The optimal conditioning regimen for a MUD HSCT remains uncertain; in contrast to allogeneic sibling transplants, transplants from unrelated donors still require low dose irradiation (200 cGy) to ensure engraftment, with attendant long-term complications [85,86]. In general, prospective trials have enrolled fewer patients but have better results, albeit with short periods of post-transplant observation . A multicenter prospective study compared the outcomes of a second course of IST to a MUD HSCT in children who failed initial course of IST: among the 60 initial ATG failures, 21 underwent a MUD HSCT and 31 received a second course of IST. Those who underwent a MUD HSCT had a higher failure free survival (defined as survival with response) compared to those who underwent a second course of IST, although no difference in overall survival was observed between the 2 groups .

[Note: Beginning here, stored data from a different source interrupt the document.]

(* Let $\mathcal B$ be an extriangulated category with enough projectives and enough injectives, and let $(\mathcal C,\mathcal C^{\perp_1})$ be a cotorsion pair with $\mathcal C$ rigid, with heart $\mathcal H/\mathcal C$. Let $g:A\twoheadrightarrow B$ be a deflation with $A,B\in\mathcal H$ such that $\overline g$ is an epimorphism in $\mathcal H/\mathcal C$. Then for every $X\in\Omega\mathcal C$ the map $\operatorname{Hom}_{\mathcal B}(X,g):\operatorname{Hom}_{\mathcal B}(X,A)\to\operatorname{Hom}_{\mathcal B}(X,B)$ is surjective.
   Context: $(\mathcal B,\mathbb E,\mathfrak s)$ is an extriangulated category (Nakaoka–Palu); conflations $A\rightarrowtail B\twoheadrightarrow C$. Subcategories are full, additive, closed under isomorphisms and finite direct sums. $\mathcal P$ = projectives; $\mathcal C^{\perp_1}=\{B\mid\mathbb E(\mathcal C,B)=0\}$; $\mathcal C$ rigid means $\mathbb E(\mathcal C,\mathcal C)=0$. $\Omega\mathcal C$ is the class of objects $U$ admitting a conflation $U\rightarrowtail P\twoheadrightarrow C$ with $P\in\mathcal P$, $C\in\mathcal C$. For a cotorsion pair $(\mathcal U,\mathcal V)$ (summand-closed, $\mathbb E(\mathcal U,\mathcal V)=0$, every $B$ admits conflations $V_B\rightarrowtail U_B\twoheadrightarrow B$, $B\rightarrowtail V^B\twoheadrightarrow U^B$ with $U$'s in $\mathcal U$, $V$'s in $\mathcal V$), $\mathcal H$ is the subcategory of objects admitting such conflations with $U_B,V^B\in\mathcal U\cap\mathcal V$, and the heart is the ideal quotient $\mathcal H/(\mathcal U\cap\mathcal V)$, which is abelian; here $\mathcal U\cap\mathcal V=\mathcal C$. $\overline g$ is the image of $g$ in the heart. *)

theory Defs
  imports Main
begin

text \<open>
  Objects are all elements of type 'o, morphisms live in 'm, extensions in 'e.
  Hom X Y is the set of morphisms X -> Y; Cmp g f is the composite g o f.
  Ext C A is the abelian group E(C,A); Push a d = a_* d, Pull c d = c^* d.
  Real A B C x y d means: the sequence A -x-> B -y-> C belongs to s(d), d in E(C,A).
\<close>

record ('o,'m,'e) ecat =
  Hom   :: "'o \<Rightarrow> 'o \<Rightarrow> 'm set"
  Cmp   :: "'m \<Rightarrow> 'm \<Rightarrow> 'm"
  Idn   :: "'o \<Rightarrow> 'm"
  MAdd  :: "'m \<Rightarrow> 'm \<Rightarrow> 'm"
  MZero :: "'o \<Rightarrow> 'o \<Rightarrow> 'm"
  MNeg  :: "'m \<Rightarrow> 'm"
  Ext   :: "'o \<Rightarrow> 'o \<Rightarrow> 'e set"
  EAdd  :: "'e \<Rightarrow> 'e \<Rightarrow> 'e"
  EZero :: "'o \<Rightarrow> 'o \<Rightarrow> 'e"
  ENeg  :: "'e \<Rightarrow> 'e"
  Push  :: "'m \<Rightarrow> 'e \<Rightarrow> 'e"
  Pull  :: "'m \<Rightarrow> 'e \<Rightarrow> 'e"
  Real  :: "'o \<Rightarrow> 'o \<Rightarrow> 'o \<Rightarrow> 'm \<Rightarrow> 'm \<Rightarrow> 'e \<Rightarrow> bool"

definition is_zero_obj :: "('o,'m,'e) ecat \<Rightarrow> 'o \<Rightarrow> bool" where
  "is_zero_obj E Z \<longleftrightarrow> (\<forall>A. Hom E A Z = {MZero E A Z} \<and> Hom E Z A = {MZero E Z A})"

definition is_biprod :: "('o,'m,'e) ecat \<Rightarrow> 'o \<Rightarrow> 'o \<Rightarrow> 'o \<Rightarrow> 'm \<Rightarrow> 'm \<Rightarrow> 'm \<Rightarrow> 'm \<Rightarrow> bool" where
  "is_biprod E S A B i1 i2 p1 p2 \<longleftrightarrow>
     i1 \<in> Hom E A S \<and> i2 \<in> Hom E B S \<and> p1 \<in> Hom E S A \<and> p2 \<in> Hom E S B \<and>
     Cmp E p1 i1 = Idn E A \<and> Cmp E p2 i2 = Idn E B \<and>
     Cmp E p2 i1 = MZero E A B \<and> Cmp E p1 i2 = MZero E B A \<and>
     MAdd E (Cmp E i1 p1) (Cmp E i2 p2) = Idn E S"

definition is_iso :: "('o,'m,'e) ecat \<Rightarrow> 'm \<Rightarrow> 'o \<Rightarrow> 'o \<Rightarrow> bool" where
  "is_iso E b X Y \<longleftrightarrow> b \<in> Hom E X Y \<and>
     (\<exists>b' \<in> Hom E Y X. Cmp E b' b = Idn E X \<and> Cmp E b b' = Idn E Y)"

In recent years, further evidence has accumulated to strengthen the hypothesis that bone marrow failure in AA results from immunologic destruction of hematopoietic stem and progenitor cells. In a minority of patients with shortened telomeres, a qualitative disorder may accompany the numerical diminution of CD34+ cells in the bone marrow. Current research is aimed at investigating the mechanisms that lead to T cell activation and, whether it is antigen driven or a result of immunological disarray. The clinical implication of telomere shortening in AA is being investigated for prognostic significance. Most patients with AA are now expected to survive regardless of the treatment modality employed. Advances in supportive care and better salvage therapies have produced significantly increased survival among initial non-responders to ATG+ CsA; the decrease in allo-sensitization (through routine leucodepletion of blood products) and better donor selection (through high molecular HLA-typing) have improved the outcomes of both related and unrelated HSCT; long term survival in pediatric patients who respond to IST is excellent and ATG based regimen should be offered as initial therapy to those who lack a matched sibling donor. Our practice has been to consider an alternative donor HSCT in suitable pediatric patients who have failed an initial course of ATG + CSA or in adults who have failed two courses of IST. Refractory patients who are not suitable candidates for alternative donor HSCT can be supported through a combination of transfusions, androgens and/or administration of hematopoietic growth factors. In chronically transfused patients, iron overload can now be managed with more convenient oral agents (deferasirox, Exjade®) and, the prospect of approval of newer oral thrombopoietic drugs is likely to ease platelet transfusion requirements especially in AA patients who are refractory to IST.